- Opening Delimiter -
(* If $X$ is a GO-space and $E$ is a countable metrizable space, then $E\times X$ is $C$-selective.
   Context: All spaces are assumed $T_1$. A GO-space (generalized ordered space) is a linearly ordered set with a topology finer than the order topology that has a base of order-convex sets. For spaces $Y$, $X$, a map $\varphi:Y\to\mathcal P(X)\setminus\{\emptyset\}$ is lower semicontinuous (l.s.c.) if $\{y:\varphi(y)\cap U\neq\emptyset\}$ is open in $Y$ for every open $U\subseteq X$; a selection is a map $f:Y\to X$ with $f(y)\in\varphi(y)$ for all $y$. $X$ is $Y$-selective if every l.s.c. map from $Y$ to the nonempty closed subsets of $X$ has a continuous selection; $X$ is $C$-selective if it is $Y$-selective for every countable regular space $Y$. *)

theory Defs
  imports "HOL-Analysis.Analysis"
begin

definition order_convex_in :: "'a::linorder set \<Rightarrow> 'a set \<Rightarrow> bool" where
  "order_convex_in S V \<longleftrightarrow> V \<subseteq> S \<and>
     (\<forall>a\<in>V. \<forall>b\<in>V. \<forall>c\<in>S. a \<le> c \<and> c \<le> b \<longrightarrow> c \<in> V)"

text \<open>T1 is part of the standing convention.\<close>
definition GO_space :: "'a::linorder topology \<Rightarrow> bool" where
  "GO_space X \<longleftrightarrow> t1_space X \<and>
     (\<forall>a\<in>topspace X. openin X {x\<in>topspace X. x < a} \<and> openin X {x\<in>topspace X. a < x}) \<and>
     (\<forall>U x. openin X U \<and> x \<in> U \<longrightarrow>
        (\<exists>V. openin X V \<and> order_convex_in (topspace X) V \<and> x \<in> V \<and> V \<subseteq> U))"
- Closing Delimiter -
* Exercise directions:
Only the lines from the one with "(\<forall>U x. openin" through the end of the records above are to be copied, exactly as written.

* Reply:
     (\<forall>U x. openin X U \<and> x \<in> U \<longrightarrow>
        (\<exists>V. openin X V \<and> order_convex_in (topspace X) V \<and> x \<in> V \<and> V \<subseteq> U))"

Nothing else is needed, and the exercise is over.